What to do: Transcribe the data in full; each line must match exactly.

-- -- --

lemma odd_fence_quotient_iso:
  "poset_iso (quot_carrier {1..n} (fence_le lower n) {1..k} (fence_le lower n) 2)
     (quot_le (fence_le lower n)) {1..k + 1} (fence_le lower (k + 1))"
proof -
  have "inj_on (\<lambda>c. {c, reflect n c}) {1..k + 1}"
    using n by (auto simp: inj_on_def doubleton_eq_iff)
  then have "bij_betw (\<lambda>c. {c, reflect n c}) {1..k + 1}
      (quot_carrier {1..n} (fence_le lower n) {1..k} (fence_le lower n) 2)"
    unfolding quot_carrier_odd_fence by (rule bij_betw_imageI) simp
  with fence_le_fold have "poset_iso {1..k + 1} (fence_le lower (k + 1))
      (quot_carrier {1..n} (fence_le lower n) {1..k} (fence_le lower n) 2) (quot_le (fence_le lower n))"
    unfolding poset_iso_def by blast
  then show ?thesis by (rule poset_iso_sym)
qed

end

lemma retract_step_odd_fence:
  assumes "n = 2 * k + 1" "1 \<le> k" "lower' = lower \<or> even (k + 1)"
  shows "retract_step (fence lower n) (fence lower' (k + 1))"
proof -
  have "poset_iso {1..k + 1} (fence_le lower (k + 1)) {1..k + 1} (fence_le lower' (k + 1))"
  proof (cases "lower' = lower")
    case False
    with assms(3) have "even (k + 1)" by simp
    then show ?thesis by (rule even_fence_flip_iso)
  qed (simp add: poset_iso_refl)
  with odd_fence_quotient_iso[OF assms(1,2)]
  have "poset_iso (quot_carrier {1..n} (fence_le lower n) {1..k} (fence_le lower n) 2)
      (quot_le (fence_le lower n)) {1..k + 1} (fence_le lower' (k + 1))"
    by (rule poset_iso_trans)
  then show ?thesis
    unfolding retract_step_def fence_def using is_poset_fence_le by fastforce
qed

section \<open>The function \<open>f\<^sup>\<down>\<close>\<close>

lemma fstep_le: "fstep m \<le> m"
  unfolding fstep_def by presburger

lemma fdown_le: "fdown n \<le> n"
proof -
  have "(fstep ^^ j) n \<le> n" for j
    by (induction j) (auto intro: order_trans[OF fstep_le])
  then show ?thesis unfolding fdown_def by blast
qed

lemma fstep_iterate_even_ex: "2 \<le> n \<Longrightarrow> \<exists>j. even ((fstep ^^ j) n)"
proof (induction n rule: less_induct)
  case (less n)
  show ?case
  proof (cases "even n")
    case True
    then show ?thesis by (intro exI[of _ 0]) simp
  next
    case False
    with less.prems have "2 \<le> fstep n" "fstep n < n" unfolding fstep_def by presburger+
    with less.IH obtain j where "even ((fstep ^^ j) (fstep n))" by blast
    then have "even ((fstep ^^ Suc j) n)" by (simp add: funpow_swap1)
    then show ?thesis by blast
  qed
qed

lemma fdown_even: "even n \<Longrightarrow> fdown n = n"
  unfolding fdown_def by (subst Least_eq_0) simp_all

lemma fdown_odd:
  assumes "odd n" "3 \<le> n"
  shows "fdown n = fdown ((n + 1) div 2)"
proof -
  have step: "fstep n = (n + 1) div 2" using assms(1) by (simp add: fstep_def)
  have shift: "(fstep ^^ Suc i) n = (fstep ^^ i) (fstep n)" for i
    by (simp add: funpow_Suc_right del: funpow.simps)
  from assms step have "2 \<le> fstep n" by auto
  then obtain j where j: "even ((fstep ^^ j) (fstep n))" using fstep_iterate_even_ex by blast
  have "(LEAST i. even ((fstep ^^ i) n)) = Suc (LEAST i. even ((fstep ^^ Suc i) n))"
    by (rule Least_Suc[of _ "Suc j"]) (use j shift assms(1) in simp_all)
  then have least: "(LEAST i. even ((fstep ^^ i) n)) = Suc (LEAST i. even ((fstep ^^ i) (fstep n)))"
    by (simp only: shift)
  have "fdown n = (fstep ^^ Suc (LEAST i. even ((fstep ^^ i) (fstep n)))) n"
    unfolding fdown_def least ..
  also have "\<dots> = fdown (fstep n)" unfolding fdown_def by (rule shift)
  finally show ?thesis unfolding step .
qed

lemma fdown_odd_less:
  assumes "odd n" "3 \<le> n"
  shows "fdown n < n"
proof -
  have "fdown n \<le> (n + 1) div 2" using fdown_odd[OF assms] fdown_le by metis
  also have "\<dots> < n" using assms(2) by simp
  finally show ?thesis .
qed

lemma odd_fence_retracts_to_fdown:
  "odd n \<Longrightarrow> 3 \<le> n \<Longrightarrow> retract_step\<^sup>+\<^sup>+ (fence lower n) (fence True (fdown n))"
proof (induction n arbitrary: lower rule: less_induct)
  case (less n)
  then obtain k where n: "n = 2 * k + 1" and k: "1 \<le> k" by (auto elim: oddE)
  with less.prems have fdown: "fdown n = fdown (k + 1)" using fdown_odd by simp
  show ?case
  proof (cases "even (k + 1)")
    case True
    then have "retract_step (fence lower n) (fence True (k + 1))"
      by (intro retract_step_odd_fence[OF n k]) simp
    with fdown fdown_even[OF True] show ?thesis by auto
  next
    case False
    with k have "retract_step\<^sup>+\<^sup>+ (fence lower (k + 1)) (fence True (fdown (k + 1)))"
      using less.IH[of "k + 1"] n by auto
    moreover have "retract_step (fence lower n) (fence lower (k + 1))"
      by (intro retract_step_odd_fence[OF n k]) simp
    ultimately show ?thesis using fdown by (simp add: tranclp_into_tranclp2)
  qed
qed

theorem mainTheorem8:
  shows "(\<forall>n lower. even n \<longrightarrow> \<not> locally_symmetric (fst (fence lower n)) (snd (fence lower n)))
       \<and> (\<forall>n lower. odd n \<and> 3 \<le> n \<longrightarrow> retractable (fence lower n) (fence True (fdown n)))"
proof (intro conjI allI impI)
  fix n :: nat and lower
  assume "even n"
  then show "\<not> locally_symmetric (fst (fence lower n)) (snd (fence lower n))"
    unfolding fence_def using even_fence_not_locally_symmetric by simp
next
  fix n :: nat and lower
  assume n: "odd n \<and> 3 \<le> n"
  then have "\<not> poset_iso {1..n} (fence_le lower n) {1..fdown n} (fence_le True (fdown n))"
    using fdown_odd_less poset_iso_card_eq by fastforce
  with n show "retractable (fence lower n) (fence True (fdown n))"
    unfolding retractable_def using odd_fence_retracts_to_fdown by (simp add: fence_def)
qed

end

-- -- --

Response below:
lemma odd_fence_quotient_iso:
  "poset_iso (quot_carrier {1..n} (fence_le lower n) {1..k} (fence_le lower n) 2)
     (quot_le (fence_le lower n)) {1..k + 1} (fence_le lower (k + 1))"
proof -
  have "inj_on (\<lambda>c. {c, reflect n c}) {1..k + 1}"
    using n by (auto simp: inj_on_def doubleton_eq_iff)
  then have "bij_betw (\<lambda>c. {c, reflect n c}) {1..k + 1}
      (quot_carrier {1..n} (fence_le lower n) {1..k} (fence_le lower n) 2)"
    unfolding quot_carrier_odd_fence by (rule bij_betw_imageI) simp
  with fence_le_fold have "poset_iso {1..k + 1} (fence_le lower (k + 1))
      (quot_carrier {1..n} (fence_le lower n) {1..k} (fence_le lower n) 2) (quot_le (fence_le lower n))"
    unfolding poset_iso_def by blast
  then show ?thesis by (rule poset_iso_sym)
qed

end

lemma retract_step_odd_fence:
  assumes "n = 2 * k + 1" "1 \<le> k" "lower' = lower \<or> even (k + 1)"
  shows "retract_step (fence lower n) (fence lower' (k + 1))"
proof -
  have "poset_iso {1..k + 1} (fence_le lower (k + 1)) {1..k + 1} (fence_le lower' (k + 1))"
  proof (cases "lower' = lower")
    case False
    with assms(3) have "even (k + 1)" by simp
    then show ?thesis by (rule even_fence_flip_iso)
  qed (simp add: poset_iso_refl)
  with odd_fence_quotient_iso[OF assms(1,2)]
  have "poset_iso (quot_carrier {1..n} (fence_le lower n) {1..k} (fence_le lower n) 2)
      (quot_le (fence_le lower n)) {1..k + 1} (fence_le lower' (k + 1))"
    by (rule poset_iso_trans)
  then show ?thesis
    unfolding retract_step_def fence_def using is_poset_fence_le by fastforce
qed

section \<open>The function \<open>f\<^sup>\<down>\<close>\<close>

lemma fstep_le: "fstep m \<le> m"
  unfolding fstep_def by presburger

lemma fdown_le: "fdown n \<le> n"
proof -
  have "(fstep ^^ j) n \<le> n" for j
    by (induction j) (auto intro: order_trans[OF fstep_le])
  then show ?thesis unfolding fdown_def by blast
qed

lemma fstep_iterate_even_ex: "2 \<le> n \<Longrightarrow> \<exists>j. even ((fstep ^^ j) n)"
proof (induction n rule: less_induct)
  case (less n)
  show ?case
  proof (cases "even n")
    case True
    then show ?thesis by (intro exI[of _ 0]) simp
  next
    case False
    with less.prems have "2 \<le> fstep n" "fstep n < n" unfolding fstep_def by presburger+
    with less.IH obtain j where "even ((fstep ^^ j) (fstep n))" by blast
    then have "even ((fstep ^^ Suc j) n)" by (simp add: funpow_swap1)
    then show ?thesis by blast
  qed
qed

lemma fdown_even: "even n \<Longrightarrow> fdown n = n"
  unfolding fdown_def by (subst Least_eq_0) simp_all

lemma fdown_odd:
  assumes "odd n" "3 \<le> n"
  shows "fdown n = fdown ((n + 1) div 2)"
proof -
  have step: "fstep n = (n + 1) div 2" using assms(1) by (simp add: fstep_def)
  have shift: "(fstep ^^ Suc i) n = (fstep ^^ i) (fstep n)" for i
    by (simp add: funpow_Suc_right del: funpow.simps)
  from assms step have "2 \<le> fstep n" by auto
  then obtain j where j: "even ((fstep ^^ j) (fstep n))" using fstep_iterate_even_ex by blast
  have "(LEAST i. even ((fstep ^^ i) n)) = Suc (LEAST i. even ((fstep ^^ Suc i) n))"
    by (rule Least_Suc[of _ "Suc j"]) (use j shift assms(1) in simp_all)
  then have least: "(LEAST i. even ((fstep ^^ i) n)) = Suc (LEAST i. even ((fstep ^^ i) (fstep n)))"
    by (simp only: shift)
  have "fdown n = (fstep ^^ Suc (LEAST i. even ((fstep ^^ i) (fstep n)))) n"
    unfolding fdown_def least ..
  also have "\<dots> = fdown (fstep n)" unfolding fdown_def by (rule shift)
  finally show ?thesis unfolding step .
qed

lemma fdown_odd_less:
  assumes "odd n" "3 \<le> n"
  shows "fdown n < n"
proof -
  have "fdown n \<le> (n + 1) div 2" using fdown_odd[OF assms] fdown_le by metis
  also have "\<dots> < n" using assms(2) by simp
  finally show ?thesis .
qed

lemma odd_fence_retracts_to_fdown:
  "odd n \<Longrightarrow> 3 \<le> n \<Longrightarrow> retract_step\<^sup>+\<^sup>+ (fence lower n) (fence True (fdown n))"
proof (induction n arbitrary: lower rule: less_induct)
  case (less n)
  then obtain k where n: "n = 2 * k + 1" and k: "1 \<le> k" by (auto elim: oddE)
  with less.prems have fdown: "fdown n = fdown (k + 1)" using fdown_odd by simp
  show ?case
  proof (cases "even (k + 1)")
    case True
    then have "retract_step (fence lower n) (fence True (k + 1))"
      by (intro retract_step_odd_fence[OF n k]) simp
    with fdown fdown_even[OF True] show ?thesis by auto
  next
    case False
    with k have "retract_step\<^sup>+\<^sup>+ (fence lower (k + 1)) (fence True (fdown (k + 1)))"
      using less.IH[of "k + 1"] n by auto
    moreover have "retract_step (fence lower n) (fence lower (k + 1))"
      by (intro retract_step_odd_fence[OF n k]) simp
    ultimately show ?thesis using fdown by (simp add: tranclp_into_tranclp2)
  qed
qed

theorem mainTheorem8:
  shows "(\<forall>n lower. even n \<longrightarrow> \<not> locally_symmetric (fst (fence lower n)) (snd (fence lower n)))
       \<and> (\<forall>n lower. odd n \<and> 3 \<le> n \<longrightarrow> retractable (fence lower n) (fence True (fdown n)))"
proof (intro conjI allI impI)
  fix n :: nat and lower
  assume "even n"
  then show "\<not> locally_symmetric (fst (fence lower n)) (snd (fence lower n))"
    unfolding fence_def using even_fence_not_locally_symmetric by simp
next
  fix n :: nat and lower
  assume n: "odd n \<and> 3 \<le> n"
  then have "\<not> poset_iso {1..n} (fence_le lower n) {1..fdown n} (fence_le True (fdown n))"
    using fdown_odd_less poset_iso_card_eq by fastforce
  with n show "retractable (fence lower n) (fence True (fdown n))"
    unfolding retractable_def using odd_fence_retracts_to_fdown by (simp add: fence_def)
qed

end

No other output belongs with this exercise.